American photographer (born 1948)

Chris Johnson (born 1948) is an American fine art photographer, educator, author, curator, video and installation artist working primarily with themes related to personal history, chance operations and social justice. He is a professor emeritus of photography at the California College of the Arts. His photographic work has been shown in a solo exhibition at Monterey Museum of Art. Johnson's video work in collaboration with the Question Bridge team has been exhibited at Oakland Museum of California, Brooklyn Museum and Portland Art Museum.

== Career ==
Johnson is a professor emeritus of photography at the California College of the Arts where for 11 years he served as chair of the Photography Program. He has been president of the Board of SF Camerawork, director of the Mother Jones International Fund for Documentary Photography, and chair of the City of Oakland's Cultural Affairs Commission. Johnson is a member of the Board of Trustees of the Oakland Museum of California and is President of the Board of The Alliance for Media Arts and Culture.

Johnson is the author of The Practical Zone System: for Film and Digital Photography (1999); currently in its sixth edition. His public art works and projects are included in Art as Social Practice: Technologies for Change (Routledge, 2022).

In 2025 The California College of the Arts conferred upon Chris Johnson an Honorary Doctorate in Fine Arts

=== The Question Bridge project ===
The original Question Bridge project emerged when, in 1996, Johnson was commissioned by the Museum of Photographic Arts in San Diego to produce a video piece as part of a multi-media exhibition entitled Re:Public curated by Richard Bolton.

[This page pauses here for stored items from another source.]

(* Every AND-OR net, i.e. every net in $\mathbf S(\mathbf{pAND}\cup\mathbf{11tAND}\cup\mathbf{11pOR}\cup\mathbf{tOR})$, is sub-sound.
   Context: Petri nets and markings. A Petri net is a triple $(P,T,F)$ with $P$ a finite set of places, $T$ a finite set of transitions, $P\cap T=\emptyset$, and $F\subseteq (P\times T)\cup(T\times P)$. For a node $x$, $\bullet x=\{y\mid (y,x)\in F\}$, $x\bullet=\{y\mid (x,y)\in F\}$. A marking is a multiset over $P$ (a function $P\to\mathbb N$); sets of places are identified with bags of multiplicity one, $+,-,\le$ are pointwise, and $k.m$ is the sum of $k$ copies of $m$. Transition $t$ is enabled at $m$ iff $\bullet t\le m$, firing gives $m-\bullet t+t\bullet$, and $m\xrightarrow{*}m'$ denotes reachability by a finite (possibly empty) firing sequence. Workflow nets. A pWF net is $(P,T,F,I,O)$ with $(P,T,F)$ a Petri net, $I,O\subseteq P$ non-empty, every node reachable by a directed path from some node of $I$, and some node of $O$ reachable from every node. A tWF net is the same with $I,O$ non-empty subsets of $T$. Input nodes may have incoming edges and output nodes outgoing edges. A WF net is a pWF or tWF net; it is one-input (one-output) if $|I|=1$ ($|O|=1$). The place-completion $\mathrm{pc}(N)$ of a tWF net $N=(P,T,F,I,O)$ is obtained by adding two fresh places $p_i,p_o$ with edges $(p_i,t)$ for all $t\in I$ and $(t,p_o)$ for all $t\in O$, and taking input set $\{p_i\}$ and output set $\{p_o\}$. Sub-soundness. A pWF net is sub-sound if for all integers $k\ge k'\ge 0$ and every marking $m'$: if $k.I\xrightarrow{*}m'+k'.O$ then $m'\xrightarrow{*}(k-k').O$. A tWF net is sub-sound iff its place-completion is. Substitution. Let $N=(P,T,F,I,O)$ and $M=(P',T',F',I',O')$ be WF nets with disjoint node sets. If $p\in P$ and $M$ is a pWF net, $N\otimes_p M$ is obtained from $N$ by deleting $p$ and all edges incident to $p$, adding all nodes and edges of $M$, adding an edge $(t,p')$ for each $t\in\bullet_N p$ and each $p'\in I'$, and an edge $(p',t)$ for each $p'\in O'$ and each $t\in p\bullet_N$; its input set is $(I\setminus\{p\})\cup I'$ if $p\in I$ and $I$ otherwise, and its output set is $(O\setminus\{p\})\cup O'$ if $p\in O$ and $O$ otherwise. If $t\in T$ and $M$ is a tWF net, $N\otimes_t M$ is defined analogously: delete $t$ and its edges, add $M$, add $(q,t')$ for each $q\in\bullet_N t$, $t'\in I'$, and $(t',q)$ for each $t'\in O'$, $q\in t\bullet_N$, with input/output sets updated in the same way. The substitution closure $\mathbf S(C)$ of a class $C$ of WF nets is the smallest superclass of $C$ such that whenever $N,M\in\mathbf S(C)$ are disjoint, $N\otimes_p M\in\mathbf S(C)$ for every place $p$ of $N$ if $M$ is a pWF net, and $N\otimes_t M\in\mathbf S(C)$ for every transition $t$ of $N$ if $M$ is a tWF net. AND and OR nets. An AND net is an acyclic WF net $(P,T,F,I,O)$ such that for every place $p$: (1) either $p\in I$ and $|\bullet p|=0$, or $p\notin I$ and $|\bullet p|=1$; and (2) either $p\in O$ and $|p\bullet|=0$, or $p\notin O$ and $|p\bullet|=1$. An OR net is a (possibly cyclic) WF net such that for every transition $t$: (1) either $t\in I$ and $|\bullet t|=0$, or $t\notin I$ and $|\bullet t|=1$; and (2) either $t\in O$ and $|t\bullet|=0$, or $t\notin O$ and $|t\bullet|=1$. A pAND (tAND, pOR, tOR) net is an AND (AND, OR, OR) net that is a pWF (tWF, pWF, tWF) net. $\mathbf{pAND}$ is the class of pAND nets, $\mathbf{11tAND}$ the class of one-input one-output tAND nets, $\mathbf{11pOR}$ the class of one-input one-output pOR nets, and $\mathbf{tOR}$ the class of tOR nets. *)

theory Defs
  imports Main "HOL-Library.Multiset"
begin
fun cformula :: "(nat \<Rightarrow> nat) \<Rightarrow> (nat \<Rightarrow> node) \<Rightarrow> (node \<Rightarrow> node \<Rightarrow> real) \<Rightarrow> node \<Rightarrow> node \<Rightarrow> real" where
  "cformula m g c Root = (\<lambda>_. 0)"
| "cformula m g c (Nd r None j a b e lam eta) =
     (\<lambda>\<zeta>. 1 / real (m j) * real_of_int e * lam * Pstar g c a b (estar eta) \<zeta>)"
| "cformula m g c (Nd r (Some x) j a b e lam eta) =
     (\<lambda>\<zeta>. estar x \<zeta> + 1 / real (m j) * real_of_int e * lam * Pstar g c a b (estar eta) \<zeta>)"

text \<open>The recursive construction of \<open>\<bar>\<Delta>\<^sub>q\<close>, the enumeration \<open>(\<gamma>\<^sub>n)\<^sub>n\<^sub>\<ge>\<^sub>1\<close> (given by \<open>g\<close>)
  and the functionals \<open>c*\<^sub>\<gamma>\<close> (given by \<open>c\<close>).\<close>
definition construction :: "(nat \<Rightarrow> nat) \<Rightarrow> (nat \<Rightarrow> nat) \<Rightarrow> (nat \<Rightarrow> real set) \<Rightarrow> (nat \<Rightarrow> node set)
                            \<Rightarrow> (nat \<Rightarrow> node) \<Rightarrow> (node \<Rightarrow> node \<Rightarrow> real) \<Rightarrow> bool" where
  "construction m n Net D g c \<longleftrightarrow>
     D 1 = {Root} \<and>
     (\<forall>q\<ge>1. D (q + 1) = nodesA Net D g c q \<union> nodesB m n Net D g c q) \<and>
     bij_betw g {1..} (GamAll D) \<and>
     (\<forall>q\<ge>1. g ` {1..card (Gam D q)} = Gam D q) \<and>
     (\<forall>\<gamma>\<in>GamAll D. c \<gamma> = cformula m g c \<gamma>)"

definition neighbours :: "(nat \<Rightarrow> node set) \<Rightarrow> node \<Rightarrow> node \<Rightarrow> bool" where
  "neighbours D \<zeta> \<zeta>' \<longleftrightarrow> (\<exists>\<gamma>\<in>GamAll D. \<exists>i1 i2. i1 < i2 \<and> i2 < length (chain \<gamma>) \<and>
       chain \<gamma> ! i1 = \<zeta> \<and> chain \<gamma> ! i2 = \<zeta>')"

end

theory Submission
  imports Defs "HOL-Library.Ramsey"
begin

The result was a rough experimental project intended to show how video-mediated questions and answers might provide fresh insights into familiar concepts like "race" and "class" when this approach is applied to people who nominally belong to the same racial demographic.

====Question Bridge: Black Males====

In collaboration with artists Hank Willis Thomas, Kamal Sinclair and Bayeté Ross Smith, Question Bridge: Black Males is a five-channel video installation platform for black men of all ages and backgrounds to ask and candidly respond to questions that are rarely discussed in public. Through video-mediated question-and-answer exchange, diverse members of this "demographic" bridge economic, political, geographic, and generational divisions. The Question Bridge campaign seeks to represent and redefine Black male identity in America.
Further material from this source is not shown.